Like other mammals, goats lactate only if they have been impregnated, and on goat dairies, as on cow dairies, females are subjected to a continuous and exhausting cycle of insemination, pregnancy and milking that ends only when declining production consigns them to the slaughterhouse.
Mothers and newborns are separated almost immediately, and the milk that mothers’ bodies produce as nourishment for their kids becomes instead a liquid asset of the business that has bred them. Tobias and Buster were born so that humans could sell and drink their mother’s milk.
Like male dairy calves, once born, male dairy goats have no value to producers, so Tobias and Buster were to be taken to a packing plant. But these two youngsters met with an exceptional bit of good fortune: A family member of the farm owner could not bear to see the little goats sent to their deaths, and this person reached out to Farm Sanctuary. Gladly we agreed to welcome Tobias and Buster to our New York Shelter.
The two are already right at home here. They frolic and play the day away, pausing to cheerfully greet their delighted visitors. Their joy in life underscores the absurdity that anyone could consider them worthless, that anyone could revoke that life. Yet life is revoked from countless young, male dairy goats every day. And from their mothers is revoked the joy of nurturing and protecting them.
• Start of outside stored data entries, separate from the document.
lemma (in abelian_monoid) finsum_lessThan_shift:
  fixes N p :: nat
  assumes f: "f \<in> {..<N + p} \<rightarrow> carrier G" and low: "\<And>i. i < p \<Longrightarrow> f i = \<zero>"
  shows "finsum G f {..<N + p} = finsum G (\<lambda>r. f (r + p)) {..<N}"
proof -
  have "(\<lambda>r. r + p) ` {..<N} \<subseteq> {..<N + p}"
    by auto
  then have "f \<in> (\<lambda>r. r + p) ` {..<N} \<rightarrow> carrier G"
    using Pi_anti_mono f by blast
  moreover have "inj_on (\<lambda>r. r + p) {..<N}"
    by (simp add: inj_on_def)
  ultimately have "finsum G (\<lambda>r. f (r + p)) {..<N} = finsum G f ((\<lambda>r. r + p) ` {..<N})"
    by (rule finsum_reindex[symmetric])
  also have "\<dots> = finsum G f {..<N + p}"
  proof (rule add.finprod_mono_neutral_cong_left[OF _ _ _ _ f])
    show "f i = \<zero>" if i: "i \<in> {..<N + p} - (\<lambda>r. r + p) ` {..<N}" for i
    proof (rule low, rule ccontr)
      assume "\<not> i < p"
      then have "i \<in> (\<lambda>r. r + p) ` {..<N}"
        using i by (intro image_eqI[of i _ "i - p"]) auto
      then show False
        using i by blast
    qed
  qed auto
  finally show ?thesis
    by simp
qed

locale graded_cring = cring R for R (structure) +
  fixes G
  assumes graded: "graded_by R G"
begin

lemma G_subgroup: "additive_subgroup (G n) R"
  using conjunct1[OF graded[unfolded graded_by_def]] by blast

lemma G_subset_carrier: "G n \<subseteq> carrier R"
  using additive_subgroup.a_subset[OF G_subgroup] .

lemma G_zero: "\<zero> \<in> G n"
  using additive_subgroup.zero_closed[OF G_subgroup] .

lemma G_add: "x \<in> G n \<Longrightarrow> y \<in> G n \<Longrightarrow> x \<oplus> y \<in> G n"
  using additive_subgroup.a_closed[OF G_subgroup] .

lemma G_mult: "x \<in> G m \<Longrightarrow> y \<in> G n \<Longrightarrow> x \<otimes> y \<in> G (m + n)"
  using conjunct1[OF conjunct2[OF graded[unfolded graded_by_def]]] by blast

lemma unique_decomposition:
  "a \<in> carrier R \<Longrightarrow> \<exists>!f. (\<forall>n. f n \<in> G n) \<and> (\<exists>N. (\<forall>n\<ge>N. f n = \<zero>) \<and> a = finsum R f {..<N})"
  using conjunct2[OF conjunct2[OF graded[unfolded graded_by_def]]] by blast

definition component :: "'a \<Rightarrow> nat \<Rightarrow> 'a" where
  "component a = (THE f. (\<forall>n. f n \<in> G n) \<and> (\<exists>N. (\<forall>n\<ge>N. f n = \<zero>) \<and> a = finsum R f {..<N}))"

lemma component_decomposition:
  assumes "a \<in> carrier R"
  shows "(\<forall>n. component a n \<in> G n) \<and> (\<exists>N. (\<forall>n\<ge>N. component a n = \<zero>) \<and> a = finsum R (component a) {..<N})"
  unfolding component_def using unique_decomposition[OF assms] by (rule theI')

lemma component_in_G: "a \<in> carrier R \<Longrightarrow> component a n \<in> G n"
  using component_decomposition by blast

lemma component_carrier: "a \<in> carrier R \<Longrightarrow> component a n \<in> carrier R"
  using component_in_G G_subset_carrier by blast

lemma component_eqI:
  assumes f: "\<And>n. f n \<in> G n" and N: "\<And>n. N \<le> n \<Longrightarrow> f n = \<zero>" and a: "a = finsum R f {..<N}"
  shows "component a = f"
proof -
  have "a \<in> carrier R"
    using a f G_subset_carrier by (auto intro: finsum_closed)
  then show ?thesis
    unfolding component_def using f N a by (intro the1_equality unique_decomposition) blast+
qed

lemma component_homogeneous:
  assumes x: "x \<in> G k"
  shows "component x n = (if n = k then x else \<zero>)"
proof -
  have "finsum R (\<lambda>n. if n = k then x else \<zero>) {..<Suc k} = x"
    using finsum_singleton[of k "{..<Suc k}" "\<lambda>_. x"] x G_subset_carrier by (auto simp: eq_commute)
  then have "component x = (\<lambda>n. if n = k then x else \<zero>)"
    using x G_zero by (intro component_eqI[of _ "Suc k"]) auto
  then show ?thesis
    by simp
qed
lemma
  assumes "\<tau> permutes {..<n}"
  shows permutes_shiftp: "shiftp \<tau> permutes {..<Suc n}"
    and inv_shiftp: "inv (shiftp \<tau>) = shiftp (inv \<tau>)"
proof -
  have inverse: "shiftp (inv \<tau>) \<circ> shiftp \<tau> = id" "shiftp \<tau> \<circ> shiftp (inv \<tau>) = id"
    using permutes_inv_o[OF assms] by (simp_all add: shiftp_comp shiftp_id)
  then have "bij (shiftp \<tau>)"
    using o_bij by blast
  moreover have "\<forall>k. k \<notin> {..<Suc n} \<longrightarrow> shiftp \<tau> k = k"
    using assms by (auto simp: shiftp_def permutes_def)
  ultimately show "shiftp \<tau> permutes {..<Suc n}"
    unfolding permutes_def by (metis bij_pointE)
  show "inv (shiftp \<tau>) = shiftp (inv \<tau>)"
    using inverse inv_unique_comp by blast
qed

lemma map_nth_Cons_shiftp:
  "length ys = n \<Longrightarrow>
    map (\<lambda>p. (y # ys) ! shiftp \<tau> p) [0..<Suc n] = y # map (\<lambda>k. ys ! \<tau> k) [0..<n]"
  by (simp add: shiftp_def map_upt_Suc del: upt_Suc)

lemma dioperad_dract_closed:
  "dioperad P \<Longrightarrow> a \<in> dcar P m n \<Longrightarrow> \<sigma> permutes {..<m} \<Longrightarrow> dract P m n a \<sigma> \<in> dcar P m n"
  unfolding dioperad_def by (elim conjE) simp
Having cared for many female goats who were rescued with their offspring – and some who were rescued during their pregnancies and gave birth in our own barns – we know well the intense love shared between a mother goat and her babies. It can be witnessed in the very first moments of a newborn kid’s life in this world, when his mother, though tired from her labor, immediately begins to wash him so that he will be dry and warm. It saddens us to think that the mother of Tobias and Buster will never get to know her wonderful sons. But we have hope that, as ambassadors for the victims of dairy production everywhere, the dynamic duo will change minds and hearts and habits, helping to relegate such loss to the past.